_DIRECTIONS FOR THIS TASK_
Some of the lines below need repeating. Reproduce exactly those between the lines holding "using that xp(3)" and "define a where", inclusive.

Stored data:
<<<<
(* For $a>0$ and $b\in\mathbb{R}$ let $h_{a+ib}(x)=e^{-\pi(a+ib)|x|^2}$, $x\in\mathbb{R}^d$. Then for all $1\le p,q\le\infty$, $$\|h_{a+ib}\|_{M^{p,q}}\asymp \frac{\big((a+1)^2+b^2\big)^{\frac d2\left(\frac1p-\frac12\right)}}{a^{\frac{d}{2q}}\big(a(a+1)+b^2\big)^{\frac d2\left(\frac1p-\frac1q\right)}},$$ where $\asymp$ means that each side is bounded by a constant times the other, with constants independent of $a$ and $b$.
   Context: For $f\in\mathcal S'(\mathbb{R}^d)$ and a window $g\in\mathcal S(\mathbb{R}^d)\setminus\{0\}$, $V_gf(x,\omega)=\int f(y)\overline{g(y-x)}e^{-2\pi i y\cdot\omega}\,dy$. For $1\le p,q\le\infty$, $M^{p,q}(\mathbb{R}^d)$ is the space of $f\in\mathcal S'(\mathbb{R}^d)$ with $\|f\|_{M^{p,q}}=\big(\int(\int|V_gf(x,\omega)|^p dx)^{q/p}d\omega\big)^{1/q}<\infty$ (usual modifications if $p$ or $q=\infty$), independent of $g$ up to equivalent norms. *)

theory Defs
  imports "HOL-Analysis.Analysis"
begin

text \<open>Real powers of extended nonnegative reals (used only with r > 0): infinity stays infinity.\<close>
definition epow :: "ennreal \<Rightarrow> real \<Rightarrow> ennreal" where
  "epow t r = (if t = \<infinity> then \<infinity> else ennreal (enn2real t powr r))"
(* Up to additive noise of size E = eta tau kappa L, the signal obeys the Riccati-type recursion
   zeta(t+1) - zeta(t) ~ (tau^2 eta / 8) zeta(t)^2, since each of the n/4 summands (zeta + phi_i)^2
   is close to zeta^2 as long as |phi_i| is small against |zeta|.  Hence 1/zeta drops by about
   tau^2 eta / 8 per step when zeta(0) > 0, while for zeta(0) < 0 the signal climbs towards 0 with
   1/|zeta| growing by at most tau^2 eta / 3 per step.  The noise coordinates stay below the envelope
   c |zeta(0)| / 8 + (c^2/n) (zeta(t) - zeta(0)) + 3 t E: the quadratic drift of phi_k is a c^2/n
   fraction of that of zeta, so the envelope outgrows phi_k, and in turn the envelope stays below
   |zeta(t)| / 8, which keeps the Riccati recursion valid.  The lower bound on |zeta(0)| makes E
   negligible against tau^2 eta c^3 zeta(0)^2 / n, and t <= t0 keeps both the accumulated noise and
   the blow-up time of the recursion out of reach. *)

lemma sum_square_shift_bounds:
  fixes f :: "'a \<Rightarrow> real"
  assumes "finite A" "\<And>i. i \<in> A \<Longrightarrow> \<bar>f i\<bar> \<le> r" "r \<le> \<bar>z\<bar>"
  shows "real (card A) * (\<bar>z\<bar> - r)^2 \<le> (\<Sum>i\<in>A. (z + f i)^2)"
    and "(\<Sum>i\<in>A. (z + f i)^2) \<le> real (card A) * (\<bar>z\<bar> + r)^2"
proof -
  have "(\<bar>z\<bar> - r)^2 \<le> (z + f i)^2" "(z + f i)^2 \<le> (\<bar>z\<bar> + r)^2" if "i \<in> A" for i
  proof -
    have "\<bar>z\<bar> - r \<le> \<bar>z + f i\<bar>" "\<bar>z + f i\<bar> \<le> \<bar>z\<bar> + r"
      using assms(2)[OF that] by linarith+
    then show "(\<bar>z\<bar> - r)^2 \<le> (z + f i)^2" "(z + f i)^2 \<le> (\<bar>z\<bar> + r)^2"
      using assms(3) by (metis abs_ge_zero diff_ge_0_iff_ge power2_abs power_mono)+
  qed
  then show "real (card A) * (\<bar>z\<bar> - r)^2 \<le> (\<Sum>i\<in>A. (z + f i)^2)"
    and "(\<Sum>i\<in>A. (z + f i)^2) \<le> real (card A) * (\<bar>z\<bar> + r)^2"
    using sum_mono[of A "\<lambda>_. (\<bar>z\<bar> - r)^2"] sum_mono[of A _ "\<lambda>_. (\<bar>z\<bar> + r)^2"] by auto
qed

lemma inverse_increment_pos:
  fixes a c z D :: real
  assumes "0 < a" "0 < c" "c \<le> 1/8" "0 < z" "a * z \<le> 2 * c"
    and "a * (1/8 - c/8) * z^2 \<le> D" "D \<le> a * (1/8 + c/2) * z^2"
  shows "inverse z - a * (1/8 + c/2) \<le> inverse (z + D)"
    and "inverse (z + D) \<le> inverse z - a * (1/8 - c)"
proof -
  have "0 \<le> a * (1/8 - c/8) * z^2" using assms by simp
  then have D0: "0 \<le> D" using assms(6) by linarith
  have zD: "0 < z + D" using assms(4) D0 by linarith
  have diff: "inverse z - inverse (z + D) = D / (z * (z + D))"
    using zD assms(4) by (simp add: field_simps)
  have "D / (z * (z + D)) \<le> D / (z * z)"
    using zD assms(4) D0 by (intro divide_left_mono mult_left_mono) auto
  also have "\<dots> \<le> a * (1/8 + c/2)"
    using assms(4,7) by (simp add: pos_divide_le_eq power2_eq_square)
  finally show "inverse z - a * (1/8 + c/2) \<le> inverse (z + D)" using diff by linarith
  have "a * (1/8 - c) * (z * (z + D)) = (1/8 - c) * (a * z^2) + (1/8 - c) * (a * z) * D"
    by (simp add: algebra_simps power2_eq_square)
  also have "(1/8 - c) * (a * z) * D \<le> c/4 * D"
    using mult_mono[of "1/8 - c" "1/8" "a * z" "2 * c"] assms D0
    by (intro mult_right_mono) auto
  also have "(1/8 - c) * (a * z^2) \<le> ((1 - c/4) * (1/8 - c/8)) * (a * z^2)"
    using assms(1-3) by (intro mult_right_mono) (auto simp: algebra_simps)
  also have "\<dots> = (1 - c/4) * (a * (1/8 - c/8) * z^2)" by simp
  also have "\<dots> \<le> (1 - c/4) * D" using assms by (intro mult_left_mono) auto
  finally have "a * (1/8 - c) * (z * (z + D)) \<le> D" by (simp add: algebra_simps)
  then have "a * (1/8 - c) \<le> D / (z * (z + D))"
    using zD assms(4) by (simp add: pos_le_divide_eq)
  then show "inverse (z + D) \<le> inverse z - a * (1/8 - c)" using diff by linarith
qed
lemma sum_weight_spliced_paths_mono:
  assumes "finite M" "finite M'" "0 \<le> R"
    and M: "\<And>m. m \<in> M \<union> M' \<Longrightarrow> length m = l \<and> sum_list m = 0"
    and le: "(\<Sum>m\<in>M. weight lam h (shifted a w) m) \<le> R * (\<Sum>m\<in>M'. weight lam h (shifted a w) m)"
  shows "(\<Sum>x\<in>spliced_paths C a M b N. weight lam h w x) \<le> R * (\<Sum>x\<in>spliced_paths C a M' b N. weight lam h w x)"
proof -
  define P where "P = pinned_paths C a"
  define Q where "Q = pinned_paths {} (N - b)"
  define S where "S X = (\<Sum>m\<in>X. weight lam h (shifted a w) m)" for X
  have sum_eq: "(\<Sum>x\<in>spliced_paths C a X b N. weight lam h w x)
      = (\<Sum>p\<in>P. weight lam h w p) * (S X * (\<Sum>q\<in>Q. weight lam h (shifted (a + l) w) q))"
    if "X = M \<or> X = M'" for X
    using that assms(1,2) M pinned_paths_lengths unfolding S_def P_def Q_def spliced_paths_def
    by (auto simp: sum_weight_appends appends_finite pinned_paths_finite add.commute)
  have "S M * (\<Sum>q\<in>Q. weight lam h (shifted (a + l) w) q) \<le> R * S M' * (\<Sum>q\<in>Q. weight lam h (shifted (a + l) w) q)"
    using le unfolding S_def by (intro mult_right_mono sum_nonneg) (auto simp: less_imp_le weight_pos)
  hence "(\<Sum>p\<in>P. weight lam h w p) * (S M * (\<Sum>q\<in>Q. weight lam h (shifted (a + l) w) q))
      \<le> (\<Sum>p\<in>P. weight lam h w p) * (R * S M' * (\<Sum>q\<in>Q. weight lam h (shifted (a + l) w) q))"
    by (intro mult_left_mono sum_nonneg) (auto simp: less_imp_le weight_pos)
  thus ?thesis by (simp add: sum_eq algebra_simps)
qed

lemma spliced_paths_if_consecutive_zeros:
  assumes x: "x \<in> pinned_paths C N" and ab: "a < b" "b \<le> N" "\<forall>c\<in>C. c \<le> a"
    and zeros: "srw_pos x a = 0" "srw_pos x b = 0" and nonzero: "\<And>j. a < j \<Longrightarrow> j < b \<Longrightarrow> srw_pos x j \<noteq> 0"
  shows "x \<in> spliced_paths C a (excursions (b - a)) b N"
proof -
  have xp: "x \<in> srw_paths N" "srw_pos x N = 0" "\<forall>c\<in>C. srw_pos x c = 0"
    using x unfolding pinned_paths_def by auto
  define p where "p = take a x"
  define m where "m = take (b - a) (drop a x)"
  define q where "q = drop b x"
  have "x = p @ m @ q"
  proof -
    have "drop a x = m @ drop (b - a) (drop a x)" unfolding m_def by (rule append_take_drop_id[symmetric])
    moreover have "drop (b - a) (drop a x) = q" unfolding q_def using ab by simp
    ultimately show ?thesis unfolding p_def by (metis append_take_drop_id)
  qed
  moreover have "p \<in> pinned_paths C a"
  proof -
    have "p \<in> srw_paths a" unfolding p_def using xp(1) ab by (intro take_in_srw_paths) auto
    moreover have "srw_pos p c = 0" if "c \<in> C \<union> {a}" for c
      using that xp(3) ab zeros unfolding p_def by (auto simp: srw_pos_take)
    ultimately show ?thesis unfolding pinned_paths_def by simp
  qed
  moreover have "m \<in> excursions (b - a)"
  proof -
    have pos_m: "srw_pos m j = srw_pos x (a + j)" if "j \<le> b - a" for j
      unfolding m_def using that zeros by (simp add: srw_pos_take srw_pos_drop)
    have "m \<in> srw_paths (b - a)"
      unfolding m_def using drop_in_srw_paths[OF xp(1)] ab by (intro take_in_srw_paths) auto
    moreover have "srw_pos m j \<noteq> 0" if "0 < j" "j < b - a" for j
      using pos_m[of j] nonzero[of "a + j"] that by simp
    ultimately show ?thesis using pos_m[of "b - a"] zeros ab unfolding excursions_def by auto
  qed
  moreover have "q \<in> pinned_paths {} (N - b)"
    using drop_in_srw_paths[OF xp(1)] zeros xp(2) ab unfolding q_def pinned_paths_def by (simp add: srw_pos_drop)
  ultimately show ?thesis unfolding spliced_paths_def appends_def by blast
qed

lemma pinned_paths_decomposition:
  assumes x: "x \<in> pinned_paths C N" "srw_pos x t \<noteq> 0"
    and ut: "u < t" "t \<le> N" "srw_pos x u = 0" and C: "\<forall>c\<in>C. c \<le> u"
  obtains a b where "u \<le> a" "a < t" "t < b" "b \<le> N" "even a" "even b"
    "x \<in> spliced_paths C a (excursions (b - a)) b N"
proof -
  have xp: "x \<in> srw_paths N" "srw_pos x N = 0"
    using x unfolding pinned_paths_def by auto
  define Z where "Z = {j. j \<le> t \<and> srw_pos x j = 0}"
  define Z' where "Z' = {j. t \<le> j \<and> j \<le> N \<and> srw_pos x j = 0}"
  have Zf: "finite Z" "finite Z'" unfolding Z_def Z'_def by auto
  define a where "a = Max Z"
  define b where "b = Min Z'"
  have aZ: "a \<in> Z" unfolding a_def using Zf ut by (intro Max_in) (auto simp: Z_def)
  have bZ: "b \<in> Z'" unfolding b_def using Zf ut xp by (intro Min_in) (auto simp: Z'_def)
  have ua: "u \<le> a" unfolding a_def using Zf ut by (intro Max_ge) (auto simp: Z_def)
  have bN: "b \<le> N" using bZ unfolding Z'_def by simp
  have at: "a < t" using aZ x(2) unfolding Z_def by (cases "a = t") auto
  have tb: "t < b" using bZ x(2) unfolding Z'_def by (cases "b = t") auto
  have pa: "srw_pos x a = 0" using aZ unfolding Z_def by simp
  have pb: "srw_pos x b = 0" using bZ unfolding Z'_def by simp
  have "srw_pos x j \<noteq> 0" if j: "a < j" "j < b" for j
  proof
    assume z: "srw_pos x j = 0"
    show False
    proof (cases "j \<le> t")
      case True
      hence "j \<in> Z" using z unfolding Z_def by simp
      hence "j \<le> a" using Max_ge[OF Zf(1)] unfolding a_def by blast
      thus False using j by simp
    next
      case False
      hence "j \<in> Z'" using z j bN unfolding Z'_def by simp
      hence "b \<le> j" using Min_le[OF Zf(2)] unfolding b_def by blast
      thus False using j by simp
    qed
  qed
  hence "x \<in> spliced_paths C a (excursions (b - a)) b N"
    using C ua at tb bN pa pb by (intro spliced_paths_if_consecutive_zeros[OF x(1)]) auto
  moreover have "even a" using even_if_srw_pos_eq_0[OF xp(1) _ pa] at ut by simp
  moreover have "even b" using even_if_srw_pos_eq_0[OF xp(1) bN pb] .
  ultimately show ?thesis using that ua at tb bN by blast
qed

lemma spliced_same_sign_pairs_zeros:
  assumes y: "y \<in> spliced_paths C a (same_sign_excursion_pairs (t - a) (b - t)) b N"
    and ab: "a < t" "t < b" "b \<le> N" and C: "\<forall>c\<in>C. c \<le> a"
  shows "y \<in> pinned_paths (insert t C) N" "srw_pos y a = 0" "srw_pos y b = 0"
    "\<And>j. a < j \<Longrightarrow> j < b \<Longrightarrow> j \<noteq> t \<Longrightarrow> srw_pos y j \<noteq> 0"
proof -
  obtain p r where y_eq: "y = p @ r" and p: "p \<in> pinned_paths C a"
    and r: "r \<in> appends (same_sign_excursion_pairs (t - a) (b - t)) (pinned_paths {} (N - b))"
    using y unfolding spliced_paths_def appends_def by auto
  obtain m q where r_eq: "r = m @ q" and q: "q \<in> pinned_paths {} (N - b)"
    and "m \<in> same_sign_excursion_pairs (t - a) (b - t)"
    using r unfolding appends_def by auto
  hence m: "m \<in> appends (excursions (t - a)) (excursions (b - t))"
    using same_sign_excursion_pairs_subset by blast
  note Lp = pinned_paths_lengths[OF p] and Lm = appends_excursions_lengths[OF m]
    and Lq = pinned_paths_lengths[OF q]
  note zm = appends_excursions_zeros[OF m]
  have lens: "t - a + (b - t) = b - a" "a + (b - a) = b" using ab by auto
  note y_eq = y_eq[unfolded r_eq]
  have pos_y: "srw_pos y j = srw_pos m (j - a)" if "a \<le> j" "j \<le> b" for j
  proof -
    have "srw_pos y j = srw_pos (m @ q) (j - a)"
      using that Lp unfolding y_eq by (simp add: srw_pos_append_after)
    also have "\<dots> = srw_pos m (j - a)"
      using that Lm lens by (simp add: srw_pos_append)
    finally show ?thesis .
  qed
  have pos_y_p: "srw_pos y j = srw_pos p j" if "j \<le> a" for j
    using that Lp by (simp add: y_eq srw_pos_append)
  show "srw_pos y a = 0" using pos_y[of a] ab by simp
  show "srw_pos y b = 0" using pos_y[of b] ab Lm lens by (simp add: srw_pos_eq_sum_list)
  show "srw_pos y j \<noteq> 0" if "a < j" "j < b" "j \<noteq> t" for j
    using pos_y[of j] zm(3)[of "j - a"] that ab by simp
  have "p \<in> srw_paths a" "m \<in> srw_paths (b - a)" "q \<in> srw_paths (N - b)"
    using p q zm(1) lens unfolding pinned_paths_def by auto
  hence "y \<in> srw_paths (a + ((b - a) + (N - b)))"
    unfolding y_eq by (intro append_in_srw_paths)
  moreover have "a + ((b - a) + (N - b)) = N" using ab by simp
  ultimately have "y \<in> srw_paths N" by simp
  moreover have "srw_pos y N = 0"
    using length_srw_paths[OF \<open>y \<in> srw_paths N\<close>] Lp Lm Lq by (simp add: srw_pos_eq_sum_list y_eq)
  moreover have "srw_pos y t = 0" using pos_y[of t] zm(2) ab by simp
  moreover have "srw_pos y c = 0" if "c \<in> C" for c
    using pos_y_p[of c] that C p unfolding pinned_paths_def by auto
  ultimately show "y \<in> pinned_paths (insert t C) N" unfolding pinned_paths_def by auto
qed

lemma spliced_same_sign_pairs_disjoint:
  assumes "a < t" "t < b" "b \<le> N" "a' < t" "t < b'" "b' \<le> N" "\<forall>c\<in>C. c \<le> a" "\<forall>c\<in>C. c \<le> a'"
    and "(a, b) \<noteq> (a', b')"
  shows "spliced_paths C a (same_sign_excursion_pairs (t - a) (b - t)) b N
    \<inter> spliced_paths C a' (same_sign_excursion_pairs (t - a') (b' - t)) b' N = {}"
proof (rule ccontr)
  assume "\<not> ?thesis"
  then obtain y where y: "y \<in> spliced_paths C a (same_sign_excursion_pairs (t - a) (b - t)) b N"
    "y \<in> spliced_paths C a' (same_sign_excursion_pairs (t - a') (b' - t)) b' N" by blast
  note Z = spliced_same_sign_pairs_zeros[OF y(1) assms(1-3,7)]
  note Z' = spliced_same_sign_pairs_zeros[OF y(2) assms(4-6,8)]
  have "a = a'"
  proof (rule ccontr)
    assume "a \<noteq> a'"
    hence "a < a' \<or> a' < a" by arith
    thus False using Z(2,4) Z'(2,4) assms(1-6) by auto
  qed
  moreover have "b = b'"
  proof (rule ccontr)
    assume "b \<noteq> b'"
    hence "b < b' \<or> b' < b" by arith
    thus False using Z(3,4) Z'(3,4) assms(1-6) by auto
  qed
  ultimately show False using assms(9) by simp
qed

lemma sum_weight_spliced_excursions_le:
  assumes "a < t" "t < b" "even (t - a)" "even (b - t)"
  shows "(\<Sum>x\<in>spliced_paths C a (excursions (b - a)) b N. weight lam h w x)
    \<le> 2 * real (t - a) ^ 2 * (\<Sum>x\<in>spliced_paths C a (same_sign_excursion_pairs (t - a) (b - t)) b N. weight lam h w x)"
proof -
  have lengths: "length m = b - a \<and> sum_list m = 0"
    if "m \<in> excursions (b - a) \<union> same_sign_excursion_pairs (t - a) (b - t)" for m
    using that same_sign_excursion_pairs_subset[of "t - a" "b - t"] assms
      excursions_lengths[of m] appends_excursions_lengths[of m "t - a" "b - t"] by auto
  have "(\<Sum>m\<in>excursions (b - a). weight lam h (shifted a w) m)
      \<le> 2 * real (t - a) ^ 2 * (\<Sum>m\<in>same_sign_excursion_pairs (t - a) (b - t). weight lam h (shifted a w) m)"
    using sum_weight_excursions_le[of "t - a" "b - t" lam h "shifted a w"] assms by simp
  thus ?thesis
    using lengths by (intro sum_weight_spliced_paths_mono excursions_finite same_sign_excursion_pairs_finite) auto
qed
>>>>
_SOLUTION TO THIS PROBLEM_
      using that xp(3) ab zeros unfolding p_def by (auto simp: srw_pos_take)
    ultimately show ?thesis unfolding pinned_paths_def by simp
  qed
  moreover have "m \<in> excursions (b - a)"
  proof -
    have pos_m: "srw_pos m j = srw_pos x (a + j)" if "j \<le> b - a" for j
      unfolding m_def using that zeros by (simp add: srw_pos_take srw_pos_drop)
    have "m \<in> srw_paths (b - a)"
      unfolding m_def using drop_in_srw_paths[OF xp(1)] ab by (intro take_in_srw_paths) auto
    moreover have "srw_pos m j \<noteq> 0" if "0 < j" "j < b - a" for j
      using pos_m[of j] nonzero[of "a + j"] that by simp
    ultimately show ?thesis using pos_m[of "b - a"] zeros ab unfolding excursions_def by auto
  qed
  moreover have "q \<in> pinned_paths {} (N - b)"
    using drop_in_srw_paths[OF xp(1)] zeros xp(2) ab unfolding q_def pinned_paths_def by (simp add: srw_pos_drop)
  ultimately show ?thesis unfolding spliced_paths_def appends_def by blast
qed

lemma pinned_paths_decomposition:
  assumes x: "x \<in> pinned_paths C N" "srw_pos x t \<noteq> 0"
    and ut: "u < t" "t \<le> N" "srw_pos x u = 0" and C: "\<forall>c\<in>C. c \<le> u"
  obtains a b where "u \<le> a" "a < t" "t < b" "b \<le> N" "even a" "even b"
    "x \<in> spliced_paths C a (excursions (b - a)) b N"
proof -
  have xp: "x \<in> srw_paths N" "srw_pos x N = 0"
    using x unfolding pinned_paths_def by auto
  define Z where "Z = {j. j \<le> t \<and> srw_pos x j = 0}"
  define Z' where "Z' = {j. t \<le> j \<and> j \<le> N \<and> srw_pos x j = 0}"
  have Zf: "finite Z" "finite Z'" unfolding Z_def Z'_def by auto
  define a where "a = Max Z"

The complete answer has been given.